Problem details:
Within the records below is a range that opens at the line with "B (\<lambda>x. \<Sum>b\<in>Basis." and closes at the line with "(set_lebesgue_integral lebesgue (ball". Return that range word for word, both ends included, and only that range.

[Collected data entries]
* * * *

lemma tendsto_integral_ball_difference_quotient:
  fixes \<phi> :: "'a::euclidean_space \<Rightarrow> 'a"
  assumes C1: "C1c_field UNIV \<phi> D\<phi>" and b: "norm b = 1"
  shows "(\<lambda>n. integral\<^sup>L lborel (\<lambda>x. indicator (ball 0 R) x *
             ((\<phi> (x + inverse (real (Suc n)) *\<^sub>R b) \<bullet> b - \<phi> x \<bullet> b) / inverse (real (Suc n)))))
           \<longlonglongrightarrow> integral\<^sup>L lborel (\<lambda>x. indicator (ball 0 R) x * (blinfun_apply (D\<phi> x) b \<bullet> b))"
proof -
  define B where "B = ball (0::'a) R"
  define C where "C = cball (0::'a) (R + 1)"
  define t where "t n = inverse (real (Suc n))" for n
  define F where "F n x = indicator B x * ((\<phi> (x + t n *\<^sub>R b) \<bullet> b - \<phi> x \<bullet> b) / t n)" for n x
  have d\<phi>: "\<And>x. (\<phi> has_derivative blinfun_apply (D\<phi> x)) (at x)" and contD: "continuous_on UNIV D\<phi>"
    using C1 by (auto simp: C1c_field_def)
  have "continuous_on UNIV \<phi>"
    by (intro continuous_at_imp_continuous_on ballI has_derivative_continuous[OF d\<phi>])
  then have [measurable]: "(\<lambda>x. \<phi> x \<bullet> b) \<in> borel_measurable borel"
    by (intro borel_measurable_continuous_onI continuous_intros)
  have "continuous_on UNIV (\<lambda>x. blinfun_apply (D\<phi> x) b \<bullet> b)"
    by (intro continuous_intros bounded_bilinear.continuous_on[OF bounded_bilinear_blinfun_apply])
      (use contD in auto)
  then have [measurable]: "(\<lambda>x. blinfun_apply (D\<phi> x) b \<bullet> b) \<in> borel_measurable borel"
    by (rule borel_measurable_continuous_onI)
  have [measurable]: "B \<in> sets borel" by (simp add: B_def)
  have t: "0 < t n" "t n \<le> 1" for n by (auto simp: t_def inverse_le_1_iff)
  have "compact (D\<phi> ` C)" unfolding C_def
    by (rule compact_continuous_image[OF continuous_on_subset[OF contD]]) auto
  then have "bounded (D\<phi> ` C)" by (rule compact_imp_bounded)
  then obtain M where "\<forall>z\<in>D\<phi> ` C. norm z \<le> M"
    unfolding bounded_iff by blast
  then have M: "\<And>y. y \<in> C \<Longrightarrow> norm (D\<phi> y) \<le> M" by blast
  have "(\<lambda>n. integral\<^sup>L lborel (F n)) \<longlonglongrightarrow> integral\<^sup>L lborel (\<lambda>x. indicator B x * (blinfun_apply (D\<phi> x) b \<bullet> b))"
  proof (rule integral_dominated_convergence[where w="\<lambda>x. indicator B x * M"])
    show "integrable lborel (\<lambda>x. indicator B x * M)"
      using emeasure_bounded_finite[of B] by (intro integrable_mult_left integrable_real_indicator)
        (auto simp: B_def)
    show "AE x in lborel. (\<lambda>n. F n x) \<longlonglongrightarrow> indicator B x * (blinfun_apply (D\<phi> x) b \<bullet> b)"
      using tendsto_inner_difference_quotient[OF d\<phi>]
      by (intro AE_I2) (auto simp: F_def t_def indicator_def)
    show "AE x in lborel. norm (F n x) \<le> indicator B x * M" for n
    proof (intro AE_I2)
      fix x :: 'a
      show "norm (F n x) \<le> indicator B x * M"
      proof (cases "x \<in> B")
        case True
        then have "x \<in> C" "x + t n *\<^sub>R b \<in> C"
          using t[of n] norm_triangle_ineq[of x "t n *\<^sub>R b"] b by (simp_all add: B_def C_def)
        with abs_inner_difference_quotient_le[OF d\<phi> M _ this b t(1)] True show ?thesis
          by (simp add: F_def C_def)
      qed (simp add: F_def)
    qed
    show "F n \<in> borel_measurable lborel" for n unfolding F_def by measurable
  qed measurable
  then show ?thesis unfolding F_def B_def t_def .
qed

lemma set_integral_ball_partial_le:
  fixes \<phi> :: "'a::euclidean_space \<Rightarrow> 'a"
  assumes C1: "C1c_field UNIV \<phi> D\<phi>" and \<phi>: "\<And>x. norm (\<phi> x) \<le> 1" and b: "b \<in> Basis" and R: "R > 0"
  shows "set_lebesgue_integral lebesgue (ball 0 R) (\<lambda>x. blinfun_apply (D\<phi> x) b \<bullet> b)
           \<le> 2 * real DIM('a) * unit_ball_vol (DIM('a)) * (R + 1) ^ (DIM('a) - 1)"
proof -
  define t where "t n = inverse (real (Suc n))" for n
  define f where "f x = \<phi> x \<bullet> b" for x
  define g where "g x = blinfun_apply (D\<phi> x) b \<bullet> b" for x
  have nb: "norm b = 1" using b by simp
  have d\<phi>: "\<And>x. (\<phi> has_derivative blinfun_apply (D\<phi> x)) (at x)" and contD: "continuous_on UNIV D\<phi>"
    using C1 by (auto simp: C1c_field_def)
  have "continuous_on UNIV \<phi>"
    by (intro continuous_at_imp_continuous_on ballI has_derivative_continuous[OF d\<phi>])
  then have fm: "f \<in> borel_measurable borel"
    unfolding f_def by (intro borel_measurable_continuous_onI continuous_intros)
  have "continuous_on UNIV g" unfolding g_def
    by (intro continuous_intros bounded_bilinear.continuous_on[OF bounded_bilinear_blinfun_apply])
      (use contD in auto)
  then have [measurable]: "g \<in> borel_measurable borel" by (rule borel_measurable_continuous_onI)
  have [measurable]: "ball (0::'a) R \<in> sets borel" by simp
  have f_le: "\<bar>f x\<bar> \<le> 1" for x
    using Cauchy_Schwarz_ineq2[of "\<phi> x" b] \<phi>[of x] nb unfolding f_def by simp
  have t: "0 < t n" "t n \<le> 1" for n by (auto simp: t_def inverse_le_1_iff)
  have bound: "integral\<^sup>L lborel (\<lambda>x. indicator (ball 0 R) x * ((f (x + t n *\<^sub>R b) - f x) / t n))
      \<le> 2 * real DIM('a) * unit_ball_vol (DIM('a)) * (R + 1) ^ (DIM('a) - 1)" if "t n < R" for n
    using integral_ball_difference_quotient_le[of f, OF fm f_le nb t that] by simp
  have lim: "(\<lambda>n. integral\<^sup>L lborel (\<lambda>x. indicator (ball 0 R) x * ((f (x + t n *\<^sub>R b) - f x) / t n)))
      \<longlonglongrightarrow> integral\<^sup>L lborel (\<lambda>x. indicator (ball 0 R) x * g x)"
    using tendsto_integral_ball_difference_quotient[OF C1 nb, of R] unfolding f_def g_def t_def .
  obtain N0 where "t N0 < R" using reals_Archimedean[OF R] by (auto simp: t_def)
  moreover have "t n \<le> t N0" if "N0 \<le> n" for n
    unfolding t_def by (rule le_imp_inverse_le) (use that in auto)
  ultimately have "\<And>n. N0 \<le> n \<Longrightarrow> t n < R" by (meson le_less_trans)
  then have "integral\<^sup>L lborel (\<lambda>x. indicator (ball 0 R) x * g x)
      \<le> 2 * real DIM('a) * unit_ball_vol (DIM('a)) * (R + 1) ^ (DIM('a) - 1)"
    by (intro LIMSEQ_le_const2[OF lim] exI[of _ N0] allI impI bound)
  moreover have "set_lebesgue_integral lebesgue (ball 0 R) g = integral\<^sup>L lborel (\<lambda>x. indicator (ball 0 R) x * g x)"
    unfolding set_lebesgue_integral_def by (simp add: integral_completion)
  ultimately have "set_lebesgue_integral lebesgue (ball 0 R) g
      \<le> 2 * real DIM('a) * unit_ball_vol (DIM('a)) * (R + 1) ^ (DIM('a) - 1)" by simp
  then show ?thesis unfolding g_def .
qed

lemma perimeter_ball_le:
  assumes R: "R > 0"
  shows "perimeter (ball (0::'a::euclidean_space) R)
     \<le> ereal (real DIM('a) * (2 * real DIM('a) * unit_ball_vol (DIM('a)) * (R + 1) ^ (DIM('a) - 1)))"
  unfolding perimeter_def
proof (rule SUP_least, clarify)
  fix \<phi> :: "'a \<Rightarrow> 'a" and D\<phi> assume C1: "C1c_field UNIV \<phi> D\<phi>" and \<phi>: "\<forall>x. norm (\<phi> x) \<le> 1"
  define B where "B = ball (0::'a) R"
  have contD: "continuous_on UNIV D\<phi>" using C1 by (simp add: C1c_field_def)
  have "set_integrable lebesgue B (\<lambda>x. blinfun_apply (D\<phi> x) b \<bullet> b)" for b
    by (rule set_integrable_continuous_bounded)
      (auto simp: B_def intro!: continuous_intros bounded_bilinear.continuous_on[OF bounded_bilinear_blinfun_apply contD])
  then have "set_lebesgue_integral lebesgue B (\<lambda>x. \<Sum>b\<in>Basis. blinfun_apply (D\<phi> x) b \<bullet> b)
      = (\<Sum>b\<in>Basis. set_lebesgue_integral lebesgue B (\<lambda>x. blinfun_apply (D\<phi> x) b \<bullet> b))"
    unfolding set_lebesgue_integral_def set_integrable_def
    by (subst scaleR_sum_right) (rule Bochner_Integration.integral_sum)
  also have "\<dots> \<le> real DIM('a) * (2 * real DIM('a) * unit_ball_vol (DIM('a)) * (R + 1) ^ (DIM('a) - 1))"
    using sum_bounded_above[of Basis "\<lambda>b. set_lebesgue_integral lebesgue B (\<lambda>x. blinfun_apply (D\<phi> x) b \<bullet> b)"]
      set_integral_ball_partial_le[OF C1 _ _ R] \<phi> by (simp add: B_def)
  finally show "ereal (set_lebesgue_integral lebesgue (ball 0 R) (\<lambda>x. \<Sum>b\<in>Basis. blinfun_apply (D\<phi> x) b \<bullet> b))
      \<le> ereal (real DIM('a) * (2 * real DIM('a) * unit_ball_vol (DIM('a)) * (R + 1) ^ (DIM('a) - 1)))"
    by (simp add: B_def)
qed

section \<open>The diameter bound\<close>

lemma diameter_bound_from_volume_estimates:
  fixes D r M V \<omega> m :: real and d :: nat
  assumes d: "d \<ge> 2" and r: "r > 0" and \<omega>: "\<omega> > 0" and V: "V > 0" and D: "D \<ge> 0"
    and lower: "V \<le> m" and slab: "m \<le> 4 * (12 ^ d * r) * M"
    and cone: "(D / 2) / (2 * r) * (\<omega> * (r / 2) ^ d) \<le> m"
  shows "D \<le> 16 * 24 ^ d * M / (\<omega> * (V / (4 * 12 ^ d * M)) ^ (d - 2))"
proof -
  have M: "M > 0"
    using lower slab V r by (smt (verit) mult_nonneg_nonpos mult_pos_pos zero_less_power)
  define r0 where "r0 = V / (4 * 12 ^ d * M)"
  have r0: "0 < r0" "r0 \<le> r"
    using V M lower slab by (auto simp: r0_def divide_le_eq algebra_simps)
  obtain k where k: "d = k + 2" using d by (metis le_add_diff_inverse2)
  have "(D / 2) / (2 * r) * (\<omega> * (r / 2) ^ d) = (D * \<omega> * r ^ k / (16 * 24 ^ d)) * (4 * (12 ^ d * r))"
    using r power_mult_distrib[of "2::real" 12 k]
    by (simp add: k power_add power_divide power_mult_distrib field_simps)
  then have "(D * \<omega> * r ^ k / (16 * 24 ^ d)) * (4 * (12 ^ d * r)) \<le> M * (4 * (12 ^ d * r))"
    using cone slab by (simp add: mult.commute)
  then have "D * \<omega> * r ^ k / (16 * 24 ^ d) \<le> M"
    by (rule mult_right_le_imp_le) (use r in simp)
  then have "D * (\<omega> * r ^ k) \<le> 16 * 24 ^ d * M" by (simp add: field_simps)
  moreover have "D * (\<omega> * r0 ^ k) \<le> D * (\<omega> * r ^ k)"
    using r0 \<omega> D by (intro mult_left_mono power_mono) auto
  ultimately have "D * (\<omega> * r0 ^ k) \<le> 16 * 24 ^ d * M" by linarith
  moreover have "0 < \<omega> * r0 ^ k" using r0 \<omega> by simp
  ultimately have "D \<le> 16 * 24 ^ d * M / (\<omega> * r0 ^ k)" by (simp add: le_divide_eq)
  moreover have "d - 2 = k" using k by simp
  ultimately show ?thesis by (simp add: r0_def)
qed

text \<open>With an inscribed ball of radius \<open>r\<close> and a slab of width \<open>O(r)\<close>, the perimeter bounds the
  volume by \<open>O(r M)\<close>, hence \<open>r\<close> from below, while the cone over the inscribed ball bounds the
  diameter by \<open>O(M / r\<^sup>d\<^sup>-\<^sup>2)\<close>; this is where \<open>d \<ge> 2\<close> is used.\<close>
lemma convex_diameter_le_perimeter_measure:
  fixes \<Omega> :: "'a::euclidean_space set"
  assumes d: "DIM('a) \<ge> 2" and \<Omega>: "bounded \<Omega>" "open \<Omega>" "convex \<Omega>"
    and per: "perimeter \<Omega> \<le> ereal M" and V: "0 < V" "V \<le> measure lebesgue \<Omega>"
  shows "diameter \<Omega> \<le> 16 * 24 ^ DIM('a) * M /
           (unit_ball_vol (DIM('a)) * (V / (4 * 12 ^ DIM('a) * M)) ^ (DIM('a) - 2))"
proof -
  define K where "K = closure \<Omega>"
  have K: "compact K" "convex K" "\<Omega> \<subseteq> K"
    using \<Omega> by (auto simp: K_def compact_closure convex_closure closure_subset)
  have "\<Omega> \<noteq> {}" using V by auto
  then have "interior K \<noteq> {}"
    using interior_maximal[OF K(3) \<Omega>(2)] by auto
  then obtain g r e c where r: "r > 0" and e: "norm e = 1" and ball: "cball g r \<subseteq> K"
    and slab: "\<forall>x\<in>K. \<bar>(x - c) \<bullet> e\<bar> \<le> 12 ^ DIM('a) * r"
    using convex_body_inball_slab[OF K(1,2)] by blast
  have "ereal (measure lebesgue \<Omega> / (4 * (12 ^ DIM('a) * r))) \<le> perimeter \<Omega>"
    using slab K(3) r \<Omega>(2) by (intro perimeter_ge_measure_div_slab_width[OF \<Omega>(1) _ e]) auto
  from this per have "ereal (measure lebesgue \<Omega> / (4 * (12 ^ DIM('a) * r))) \<le> ereal M"
    by (rule order_trans)
  then have "measure lebesgue \<Omega> / (4 * (12 ^ DIM('a) * r)) \<le> M" by simp
  then have upper: "measure lebesgue \<Omega> \<le> 4 * (12 ^ DIM('a) * r) * M"
    using r by (simp add: divide_le_eq mult.commute)
  have mK: "measure lebesgue K = measure lebesgue \<Omega>"
    unfolding K_def by (rule measure_closure[OF \<Omega>(1) negligible_convex_frontier[OF \<Omega>(3)]])
  have "K \<noteq> {}" using \<open>\<Omega> \<noteq> {}\<close> K(3) by auto
  then obtain x y where xy: "x \<in> K" "y \<in> K" "dist x y = diameter \<Omega>"
    using diameter_compact_attained[OF K(1)] diameter_closure[OF \<Omega>(1)] by (auto simp: K_def)
  have "diameter \<Omega> \<le> dist x g + dist y g"
    using xy dist_triangle[of x y g] by (simp add: dist_commute)
  then have "diameter \<Omega> / 2 \<le> dist x g \<or> diameter \<Omega> / 2 \<le> dist y g" by linarith
  then obtain p where p: "p \<in> K" "diameter \<Omega> / 2 \<le> dist p g"
    using xy(1,2) by blast
  have "(diameter \<Omega> / 2) / (2 * r) * (unit_ball_vol (DIM('a)) * (r / 2) ^ DIM('a))
      \<le> dist p g / (2 * r) * (unit_ball_vol (DIM('a)) * (r / 2) ^ DIM('a))"
    using p r by (intro mult_right_mono divide_right_mono) auto
  also have "\<dots> \<le> measure lebesgue \<Omega>"
    using convex_measure_ge_dist_inball[OF K(2) lmeasurable_compact[OF K(1)] ball p(1) r] mK by simp
  finally show ?thesis
    using diameter_bound_from_volume_estimates[OF d r _ V(1) diameter_ge_0[OF \<Omega>(1)] V(2) upper]
    by simp
qed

* * * *

Result below:
  then have "set_lebesgue_integral lebesgue B (\<lambda>x. \<Sum>b\<in>Basis. blinfun_apply (D\<phi> x) b \<bullet> b)
      = (\<Sum>b\<in>Basis. set_lebesgue_integral lebesgue B (\<lambda>x. blinfun_apply (D\<phi> x) b \<bullet> b))"
    unfolding set_lebesgue_integral_def set_integrable_def
    by (subst scaleR_sum_right) (rule Bochner_Integration.integral_sum)
  also have "\<dots> \<le> real DIM('a) * (2 * real DIM('a) * unit_ball_vol (DIM('a)) * (R + 1) ^ (DIM('a) - 1))"
    using sum_bounded_above[of Basis "\<lambda>b. set_lebesgue_integral lebesgue B (\<lambda>x. blinfun_apply (D\<phi> x) b \<bullet> b)"]
      set_integral_ball_partial_le[OF C1 _ _ R] \<phi> by (simp add: B_def)
  finally show "ereal (set_lebesgue_integral lebesgue (ball 0 R) (\<lambda>x. \<Sum>b\<in>Basis. blinfun_apply (D\<phi> x) b \<bullet> b))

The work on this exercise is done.